Неподалёку слышится весёлый шум дамского чаепития – судя по оживившимся голосам, в ленивое течение неспешных посиделок врезался Альтер, подобный крейсеру, недавно спущенному со стапелей. Слово за слово, и вот уже он рассказывает небылицы, причём таким уверенным тоном, каким только и можно шутить на ходу, импровизируя самым злостным образом.

– ...и ведь это ещё не предел; знали бы вы, как возмутительно он ведёт себя в последнее время с малознакомыми девушками! На такое вряд ли был бы способен человек без специального психологического образования. Это особого рода занятное извращение... Ну, вам, наверное, не очень интересно... – подогревает интерес Альтер. – Интересно! – хором отвечают взволнованные голоса. – Хорошо... Ленинградцев, как человек, не лишённый внутреннего обаяния, легко заводит девушку. Причём заводит он её не куда-нибудь, а в недорогое, обыкновенное кафе. Там, усадив её за столик, он принимается изучать меню, советуется со спутницей, оглядывает обстановку. Ну, а что у нас в меню? Кофе со сливками, мороженое с ванилью, экзотически нарезанные фрукты, шоколад с изюмом... – Производя интригующие словесные эскапады, крейсер держит прицелы орудий на дамах, а курс – на чайник, собирающийся вот-вот закипеть. Публика постепенно входит в состояние экстатического нетерпения; вода начинает бурлить. И когда дело подходит к заключительной фазе и чайник выключается, Альтер самым спокойным образом заливает кипятком то, что покоится на дне его чашки, и замолкает. На нетерпеливые возгласы "а дальше?!" почти шёпотом проговаривает: – А нет никакого "дальше", в этом вся прелесть... – и, провожаемый растерянными взглядами, удовлетворённо уходит.

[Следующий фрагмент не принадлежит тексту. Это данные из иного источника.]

lemma g2_iD_orthonormal_casimir:
  fixes \<beta> :: "14 \<Rightarrow> complex^7^7"
  assumes in_iD: "\<And>a. \<beta> a \<in> g2_iD"
    and orth: "\<And>a b. trace (\<beta> a ** \<beta> b) = (if a = b then 1/2 else 0)"
  shows "(\<Sum>i\<in>UNIV. \<beta> i ** \<beta> i) = mat 1"
    and "(\<Sum>i\<in>UNIV. \<beta> i ** \<beta> a ** \<beta> i) = 0"
proof -
  have "\<forall>i. \<exists>X. \<beta> i = icmat X \<and> X \<in> g2_D"
    using in_iD unfolding g2_iD_def icmat_def by blast
  then obtain A where \<beta>: "\<And>i. \<beta> i = icmat (A i)" and in_D: "\<And>i. A i \<in> g2_D"
    by metis
  have "trace (A a ** A b) = - Re (trace (\<beta> a ** \<beta> b))" for a b
    by (simp add: \<beta> icmat_mult_icmat trace_uminus trace_cmat)
  then have "trace (A a ** A b) = (if a = b then -1/2 else 0)" for a b
    by (simp add: orth)
  note real_casimir = g2_D_orthonormal_casimir[OF in_D this]
  have "(\<Sum>i\<in>UNIV. \<beta> i ** \<beta> i) = - cmat (\<Sum>i\<in>UNIV. A i ** A i)"
    by (simp add: \<beta> icmat_mult_icmat cmat_sum sum_negf)
  then show "(\<Sum>i\<in>UNIV. \<beta> i ** \<beta> i) = mat 1"
    by (simp add: real_casimir(1) cmat_uminus cmat_one)
  have "(\<Sum>i\<in>UNIV. \<beta> i ** \<beta> a ** \<beta> i) = - icmat (\<Sum>i\<in>UNIV. A i ** A a ** A i)"
    by (simp add: \<beta> icmat_mult_icmat matrix_mult_uminus_left cmat_mult_icmat icmat_sum sum_negf)
  then show "(\<Sum>i\<in>UNIV. \<beta> i ** \<beta> a ** \<beta> i) = 0"
    by (simp add: real_casimir(2) icmat_zero)
qed

section \<open>The channel\<close>

lemma g2_channel_bloch:
  assumes square: "(\<Sum>i\<in>UNIV. \<beta> i ** \<beta> i) = mat 1"
    and sandwich: "\<And>a. (\<Sum>i\<in>UNIV. \<beta> i ** \<beta> a ** \<beta> i) = 0"
  shows "g2_channel \<beta> p ((1/7) *\<^sub>R (mat 1 + vdot_beta v \<beta>))
    = (1/7) *\<^sub>R (mat 1 + (1 - p) *\<^sub>R vdot_beta v \<beta>)"
proof -
  have "(\<Sum>i\<in>UNIV. \<beta> i ** vdot_beta v \<beta> ** \<beta> i) = 0"
    unfolding vdot_beta_def sandwich_sum_scaleR_sum by (simp add: sandwich)
  then have state: "(\<Sum>i\<in>UNIV. \<beta> i ** ((1/7) *\<^sub>R (mat 1 + vdot_beta v \<beta>)) ** \<beta> i)
      = (1/7) *\<^sub>R mat 1"
    using square
    by (simp add: matrix_add_ldistrib matrix_add_rdistrib matrix_scalar_ac sum.distrib
        flip: scalar_matrix_assoc scaleR_sum_right)
  show ?thesis
    unfolding g2_channel_def state by (simp add: algebra_simps diff_divide_distrib scaleR_diff_left)
qed

theorem mainTheorem12:
  fixes \<beta> :: "14 \<Rightarrow> complex^7^7"
  assumes basis: "is_real_basis_of \<beta> g2_iD"
    and orth: "\<forall>a b. trace (\<beta> a ** \<beta> b) = (if a = b then 1/2 else 0)"
  shows "(\<Sum>i\<in>UNIV. \<beta> i ** \<beta> i) = mat 1
    \<and> (\<forall>a. (\<Sum>i\<in>UNIV. \<beta> i ** \<beta> a ** \<beta> i) = 0)
    \<and> (\<forall>p::real. 0 \<le> p \<and> p \<le> 1 \<longrightarrow> (\<forall>v::real^14.
         g2_channel \<beta> p ((1/7) *\<^sub>R (mat 1 + vdot_beta v \<beta>))
           = (1/7) *\<^sub>R (mat 1 + (1 - p) *\<^sub>R vdot_beta v \<beta>)))"
proof -
  have "\<beta> a \<in> g2_iD" for a
    using basis by (simp add: is_real_basis_of_def)
  note casimir = g2_iD_orthonormal_casimir[OF this orth[rule_format]]
  show ?thesis
    using casimir g2_channel_bloch[OF casimir] by blast
qed
definition corr_cover ::
  "'v set \<Rightarrow> ('v \<Rightarrow> 'v \<Rightarrow> bool) \<Rightarrow> ('v \<Rightarrow> 'h set) \<Rightarrow> 'h set \<Rightarrow> ('h \<Rightarrow> 'h \<Rightarrow> bool) \<Rightarrow> bool" where
  "corr_cover V E L VH EH \<longleftrightarrow>
     finite VH \<and>
     (\<forall>x y. EH x y \<longrightarrow> x \<in> VH \<and> y \<in> VH \<and> x \<noteq> y \<and> EH y x) \<and>
     (\<Union>v\<in>V. L v) = VH \<and>
     (\<forall>u\<in>V. \<forall>v\<in>V. u \<noteq> v \<longrightarrow> L u \<inter> L v = {}) \<and>
     (\<forall>v\<in>V. \<forall>x\<in>L v. \<forall>y\<in>L v. x \<noteq> y \<longrightarrow> EH x y) \<and>
     (\<forall>u\<in>V. \<forall>v\<in>V. u \<noteq> v \<and> \<not> E u v \<longrightarrow> (\<forall>x\<in>L u. \<forall>y\<in>L v. \<not> EH x y)) \<and>
     (\<forall>u\<in>V. \<forall>v\<in>V. E u v \<longrightarrow>
        (\<forall>x\<in>L u. \<forall>y\<in>L v. \<forall>y'\<in>L v. EH x y \<and> EH x y' \<longrightarrow> y = y'))"

definition lc_L :: "('v \<Rightarrow> nat set) \<Rightarrow> 'v \<Rightarrow> ('v \<times> nat) set" where
  "lc_L Lst v = {v} \<times> Lst v"

definition lc_V :: "'v set \<Rightarrow> ('v \<Rightarrow> nat set) \<Rightarrow> ('v \<times> nat) set" where
  "lc_V V Lst = {(v, x). v \<in> V \<and> x \<in> Lst v}"
text \<open>A right module over a (not necessarily commutative) ring S:
  M supplies the additive abelian group (only carrier, addition, zero are used),
  act m r is the scalar action m r.\<close>
definition right_module ::
  "('r, 'c) ring_scheme \<Rightarrow> ('m, 'd) ring_scheme \<Rightarrow> ('m \<Rightarrow> 'r \<Rightarrow> 'm) \<Rightarrow> bool" where
  "right_module S M act \<longleftrightarrow> ring S \<and> abelian_group M \<and>
     (\<forall>m\<in>carrier M. \<forall>r\<in>carrier S. act m r \<in> carrier M) \<and>
     (\<forall>m\<in>carrier M. \<forall>n\<in>carrier M. \<forall>r\<in>carrier S. act (m \<oplus>\<^bsub>M\<^esub> n) r = act m r \<oplus>\<^bsub>M\<^esub> act n r) \<and>
     (\<forall>m\<in>carrier M. \<forall>r\<in>carrier S. \<forall>s\<in>carrier S. act m (r \<oplus>\<^bsub>S\<^esub> s) = act m r \<oplus>\<^bsub>M\<^esub> act m s) \<and>
     (\<forall>m\<in>carrier M. \<forall>r\<in>carrier S. \<forall>s\<in>carrier S. act m (r \<otimes>\<^bsub>S\<^esub> s) = act (act m r) s) \<and>
     (\<forall>m\<in>carrier M. act m \<one>\<^bsub>S\<^esub> = m)"

definition right_ideal :: "('r, 'c) ring_scheme \<Rightarrow> 'r set \<Rightarrow> bool" where
  "right_ideal S J \<longleftrightarrow> additive_subgroup J S \<and> (\<forall>a\<in>J. \<forall>x\<in>carrier S. a \<otimes>\<^bsub>S\<^esub> x \<in> J)"

definition gen_right_ideal :: "('r, 'c) ring_scheme \<Rightarrow> 'r set \<Rightarrow> 'r set" where
  "gen_right_ideal S Y = {y. \<forall>L. right_ideal S L \<and> Y \<subseteq> L \<longrightarrow> y \<in> L}"

definition countably_generated_right_ideal :: "('r, 'c) ring_scheme \<Rightarrow> 'r set \<Rightarrow> bool" where
  "countably_generated_right_ideal S J \<longleftrightarrow>
     right_ideal S J \<and> (\<exists>Y. countable Y \<and> Y \<subseteq> carrier S \<and> J = gen_right_ideal S Y)"

definition rmod_hom ::
  "('r, 'c) ring_scheme \<Rightarrow> ('m, 'd) ring_scheme \<Rightarrow> ('m \<Rightarrow> 'r \<Rightarrow> 'm) \<Rightarrow> 'r set \<Rightarrow> ('r \<Rightarrow> 'm) \<Rightarrow> bool" where
  "rmod_hom S M act J f \<longleftrightarrow>
     (\<forall>x\<in>J. f x \<in> carrier M) \<and>
     (\<forall>x\<in>J. \<forall>y\<in>J. f (x \<oplus>\<^bsub>S\<^esub> y) = f x \<oplus>\<^bsub>M\<^esub> f y) \<and>
     (\<forall>x\<in>J. \<forall>r\<in>carrier S. f (x \<otimes>\<^bsub>S\<^esub> r) = act (f x) r)"
lemma mat_bracket_mat_unit_Rel_E:
  assumes "y \<in> poset_lie_alg R" and "e \<in> Rel_E A R"
  shows "mat_bracket n y (mat_unit e) = 0"
proof -
  obtain p q where e: "e = (p, q)" by (cases e)
  have "(i, p) \<notin> strict_rel R" "(q, j) \<notin> strict_rel R" for i j
    using assms(2) unfolding e Rel_E_def Ext_def minimal_elts_def maximal_elts_def by blast+
  then have "y i p = 0" "y q j = 0" for i j
    using assms(1) by (auto simp: poset_lie_alg_def)
  then show ?thesis
    by (auto simp: fun_eq_iff e mat_bracket_mat_unit)
qed

lemma mat_bracket_eq_sum_off_Rel_E:
  assumes "finite (strict_rel R)" and "x \<in> poset_lie_alg R" and "y \<in> poset_lie_alg R"
  shows "mat_bracket n x y =
    (\<Sum>e\<in>strict_rel R - Rel_E A R. mat_scale (case_prod y e) (mat_bracket n x (mat_unit e)))"
proof -
  let ?t = "\<lambda>e. mat_scale (case_prod y e) (mat_bracket n x (mat_unit e))"
  have Rel_E_sub: "Rel_E A R \<subseteq> strict_rel R"
    unfolding Rel_E_def by auto
  have "mat_bracket n x y = (\<Sum>e\<in>strict_rel R. ?t e)"
    by (subst poset_lie_alg_eq_sum_mat_units[OF assms(3,1)])
      (simp add: mat_bracket_sum_right mat_bracket_scale_right)
  also have "\<dots> = (\<Sum>e\<in>strict_rel R - Rel_E A R. ?t e) + (\<Sum>e\<in>Rel_E A R. ?t e)"
    using sum.subset_diff[OF Rel_E_sub assms(1)] .
  also have "(\<Sum>e\<in>Rel_E A R. ?t e) = 0"
    using assms(2) by (simp add: mat_bracket_mat_unit_Rel_E)
  finally show ?thesis by simp
qed
(* Let $g:\mathbb{R}^d\to\mathbb{R}$ be convex and let $\mathcal{X}=\{x:g(x)\le0\}$. Assume there is $R>0$ with $\mathcal{X}\subseteq R\mathbb{B}$. Suppose Slater's condition holds: there exist $\xi>0$ and $y\in\mathbb{R}^d$ with $g(y)\le-\xi$. Then for every $c\in(0,1)$, with $\epsilon=c\xi$ and $\sigma=(1-c)\frac{\xi}{2R}$: - the set $\{x\in\mathbb{R}^d:g(x)=-\epsilon\}$ is nonempty, and - $\|s\|\ge\sigma$ for every $x$ with $g(x)=-\epsilon$ and every $s\in\partial g(x)$.
   Context: $\|\cdot\|$ is the Euclidean norm, $\mathbb{B}=\{x\in\mathbb{R}^d:\|x\|\le1\}$, and $\partial g(x)$ is the subdifferential of $g$ at $x$. *)

theory Defs
  imports "HOL-Analysis.Analysis"
begin

definition subdifferential :: "('a::euclidean_space \<Rightarrow> real) \<Rightarrow> 'a \<Rightarrow> 'a set" where
  "subdifferential g x = {s. \<forall>z. g z \<ge> g x + s \<bullet> (z - x)}"

end

theory Submission
  imports Defs
begin

text \<open>The level set is reached by the intermediate value theorem between a Slater point and a
  point outside the bounded feasible set. At a point x of level -\<epsilon> the subgradient inequality
  towards the Slater point y gives (1 - c) \<xi> \<le> s \<bullet> (x - y) \<le> \<parallel>s\<parallel> \<parallel>x - y\<parallel>, and both x and y
  lie in the ball of radius R, so \<parallel>x - y\<parallel> \<le> 2R.\<close>

lemma continuous_level_set_nonempty:
  fixes g :: "'a::real_normed_vector \<Rightarrow> real"
  assumes "continuous_on UNIV g" and "g y \<le> a" and "a \<le> g z"
  shows "\<exists>x. g x = a"
proof -
  have "connected (range g)"
    using connected_continuous_image[OF assms(1) connected_UNIV] .
  then have "a \<in> range g"
    using assms(2,3) by (auto simp: connected_iff_interval)
  then show ?thesis by auto
qed

lemma bounded_sublevel_set_exceeded:
  fixes g :: "'a::euclidean_space \<Rightarrow> real"
  assumes "{x. g x \<le> a} \<subseteq> cball 0 R" and "R \<ge> 0"
  obtains z where "g z > a"
proof -
  obtain z :: 'a where "norm z = R + 1"
    using vector_choose_size[of "R + 1"] assms(2) by auto
  then have "z \<notin> {x. g x \<le> a}"
    using assms(1) by auto
  then show ?thesis
    using that by (simp add: not_le)
qed

lemma subgradient_decrease_le_norm_dist:
  assumes "s \<in> subdifferential g x"
  shows "g x - g y \<le> norm s * dist x y"
proof -
  have "g x - g y \<le> s \<bullet> (x - y)"
    using assms by (auto simp: subdifferential_def inner_diff_right algebra_simps elim!: allE[of _ y])
  also have "\<dots> \<le> norm s * dist x y"
    by (simp add: dist_norm norm_cauchy_schwarz)
  finally show ?thesis .
qed

theorem proposition1:
  fixes g :: "'a::euclidean_space \<Rightarrow> real" and R \<xi> :: real and y :: 'a
  assumes "convex_on UNIV g"
    and "R > 0"
    and "{x. g x \<le> 0} \<subseteq> cball 0 R"
    and "\<xi> > 0" and "g y \<le> - \<xi>"
  shows "\<forall>c. 0 < c \<and> c < 1 \<longrightarrow>
           (let \<epsilon> = c * \<xi>; \<sigma> = (1 - c) * (\<xi> / (2 * R)) in
              {x. g x = - \<epsilon>} \<noteq> {} \<and>
              (\<forall>x s. g x = - \<epsilon> \<and> s \<in> subdifferential g x \<longrightarrow> norm s \<ge> \<sigma>))"
proof (intro allI impI)
  fix c :: real assume c: "0 < c \<and> c < 1"
  have level_nonempty: "{x. g x = - (c * \<xi>)} \<noteq> {}"
  proof -
    obtain z where "g z > 0"
      using bounded_sublevel_set_exceeded[OF assms(3)] assms(2) by fastforce
    moreover have "g y \<le> - (c * \<xi>)"
      using c assms(4,5) by (smt (verit) mult_less_cancel_right2)
    moreover have "- (c * \<xi>) \<le> g z"
      using \<open>g z > 0\<close> c assms(4) by (smt (verit) mult_pos_pos)
    ultimately show ?thesis
      using continuous_level_set_nonempty[OF convex_on_continuous[OF open_UNIV assms(1)]] by auto
  qed
  have "(1 - c) * (\<xi> / (2 * R)) \<le> norm s"
    if gx: "g x = - (c * \<xi>)" and s: "s \<in> subdifferential g x" for x s
  proof -
    have "norm x \<le> R" "norm y \<le> R"
      using assms(3-5) gx c by (auto simp: subset_iff intro!: mult_nonneg_nonneg)
    then have "dist x y \<le> 2 * R"
      using dist_triangle3[of x y 0] by simp
    moreover have "(1 - c) * \<xi> \<le> norm s * dist x y"
      using subgradient_decrease_le_norm_dist[OF s, of y] gx assms(5) by (simp add: algebra_simps)
    ultimately have "(1 - c) * \<xi> \<le> norm s * (2 * R)"
      by (smt (verit) mult_left_mono norm_ge_zero)
    then show ?thesis
      using assms(2) by (simp add: field_simps)
  qed
  with level_nonempty show "let \<epsilon> = c * \<xi>; \<sigma> = (1 - c) * (\<xi> / (2 * R)) in
              {x. g x = - \<epsilon>} \<noteq> {} \<and>
              (\<forall>x s. g x = - \<epsilon> \<and> s \<in> subdifferential g x \<longrightarrow> norm s \<ge> \<sigma>)"
    unfolding Let_def by blast
qed

end
lemma sum_degree_in:
  assumes "finite X" "finite Y"
  shows "(\<Sum>x\<in>X. real (degree_in Es Y x)) = real (edge_pairs Es X Y)"
proof -
  have "real (edge_pairs Es X Y) = (\<Sum>p\<in>X \<times> Y. if {fst p, snd p} \<in> Es then 1 else 0)"
    unfolding edge_pairs_def using assms by (simp add: sum.If_cases Int_def conj_commute)
  also have "\<dots> = (\<Sum>x\<in>X. \<Sum>y\<in>Y. if {x, y} \<in> Es then 1 else 0)"
    by (simp add: sum.cartesian_product split_def)
  finally show ?thesis
    using assms by (simp add: degree_in_def sum.If_cases Int_def conj_commute)
qed

lemma nwalks_2_cross_adj:
  assumes "finite (X \<union> Y)" and "X \<inter> Y = {}" and "v \<in> X"
  shows "nwalks (X \<union> Y) (cross_adj Es X Y) 2 v v = real (degree_in Es Y v)"
proof -
  have "{z \<in> X \<union> Y. cross_adj Es X Y v z} = {y \<in> Y. {v, y} \<in> Es}"
    using assms by (auto simp: cross_adj_def)
  then show ?thesis
    using nwalks_2_closed[OF assms(1) symp_cross_adj] assms by (simp add: degree_in_def)
qed

lemma sum_power_le:
  fixes f :: "'a \<Rightarrow> real"
  assumes "\<And>x. x \<in> X \<Longrightarrow> 0 \<le> f x" and "\<And>x. x \<in> X \<Longrightarrow> f x \<le> D" and "1 \<le> k"
  shows "(\<Sum>x\<in>X. f x ^ k) \<le> D ^ (k - 1) * (\<Sum>x\<in>X. f x)"
proof -
  have "f x ^ k \<le> D ^ (k - 1) * f x" if "x \<in> X" for x
  proof -
    have "f x ^ k = f x ^ (k - 1) * f x" using \<open>1 \<le> k\<close> by (simp flip: power_Suc2)
    also have "\<dots> \<le> D ^ (k - 1) * f x" using assms that by (intro mult_right_mono power_mono) auto
    finally show ?thesis .
  qed
  then show ?thesis by (simp add: sum_distrib_left sum_mono)
qed

lemma sum_nwalks_2_power_cross_adj_le:
  assumes fin: "finite X" "finite Y" and disj: "X \<inter> Y = {}" and k: "1 \<le> k"
    and D1: "\<And>x. x \<in> X \<Longrightarrow> real (degree_in Es Y x) \<le> D1"
    and D2: "\<And>y. y \<in> Y \<Longrightarrow> real (degree_in Es X y) \<le> D2"
  shows "(\<Sum>v\<in>X \<union> Y. (nwalks (X \<union> Y) (cross_adj Es X Y) 2 v v) ^ k)
    \<le> (D1 ^ (k - 1) + D2 ^ (k - 1)) * real (edge_pairs Es X Y)"
proof -
  have "nwalks (X \<union> Y) (cross_adj Es X Y) 2 y y = real (degree_in Es X y)" if "y \<in> Y" for y
    using nwalks_2_cross_adj[of Y X] fin disj that by (simp add: Un_commute Int_commute cross_adj_commute)
  moreover have "nwalks (X \<union> Y) (cross_adj Es X Y) 2 x x = real (degree_in Es Y x)" if "x \<in> X" for x
    using nwalks_2_cross_adj[of X Y] fin disj that by simp
  ultimately have "(\<Sum>v\<in>X \<union> Y. (nwalks (X \<union> Y) (cross_adj Es X Y) 2 v v) ^ k) =
      (\<Sum>x\<in>X. real (degree_in Es Y x) ^ k) + (\<Sum>y\<in>Y. real (degree_in Es X y) ^ k)"
    by (simp add: sum.union_disjoint fin disj)
  also have "\<dots> \<le> (D1 ^ (k - 1) + D2 ^ (k - 1)) * real (edge_pairs Es X Y)"
    using sum_power_le[of X "\<lambda>x. real (degree_in Es Y x)" D1 k]
      sum_power_le[of Y "\<lambda>y. real (degree_in Es X y)" D2 k] D1 D2 k
      sum_degree_in[OF fin] sum_degree_in[OF fin(2,1)]
    by (simp add: edge_pairs_commute[of Es Y X] distrib_right add_mono)
  finally show ?thesis .
qed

Ленинградцев снова придвигается к столу и, едва глянув на кипы отложенных бумаг, принимается за текст, прямо скажем, никак не связанный с его должностными обязанностями. "Нашими предшественниками, – начал он с абзаца, – проводился частотный анализ ряда литературных произведений, благодаря чему наука обогатилась статистическим материалом для аутентификации авторов и их трудов. Так, например, взяв тексты трёх разных Толстых – Алексея Константиновича, Алексея Николаевича и Льва Николаевича – и заранее располагая характеристиками частоты употребления тех или иных слов каждым из авторов, можно однозначно установить принадлежность рассматриваемых текстов. Словарные предпочтения, – Ленинградцев глянул на бумажку, где среди отпечатков кофейной чашки и прочих следов жизнедеятельности было торопливо записано выражение на иностранном языке, – это своего рода finger print* писателя. Целью настоящей работы..." Он пробормотал: "...является защита кандидатской диссертации" и почесал свой подбородок, тщательно выбритый три для назад. Взгляд его скользнул по окну, за которым виднелась всё та же группа строителей, деятельно размахивающая руками. "Нет, лучше так: целью настоящего труда... А ещё лучше – данной монографии...". Одобрительно кивнув самому себе, он продолжил: "... является создание метода качественного взвешивания таланта писателей на основании частотных, размерных и прочих количественных показателей. Используя новый метод, мы сможем произвести ранжирование не только отечественных и зарубежных классиков, но и литераторов современных. Метод можно также распространить на другие области искусства и культуры, он способен стать важным инструментом для искусствоведов и культурологов..." Руки тихо сползают на колени; на горизонте показался Альтер, блестящий и самоуверенный, как самовар.

– Рад вас видеть, многоуважаемый товарищ, – заявляет Альтер, держа перед собой чашку чая и не отрывая от неё взгляда, ориентируясь в обстановке, вероятно, по памяти. – Должен решительно заявить, – добавляет он, ставя чашку на стол и поднимая глаза, – что у нас закончились лимоны. Нет ни молока, ни сливок. Нет даже сахара, которого я не ем, но тем не менее. Последняя радость – чайные пакетиками с ниточками – пропали с самого утра, и все мы вынуждены пить странный напиток без лимона, молока, сахара и сливок, даже без ниточек. Это никуда не годится. Кроме того, общественность интересуется, когда у нас в офисе снова появится туалетная бумага. – Ленинградцев всем своим видом умело выражает неподдельную грусть, бесконечную, как серые будни. Воздух над чашкой плывёт, и вместе с ним собеседники плавно колеблются в глазах друг друга.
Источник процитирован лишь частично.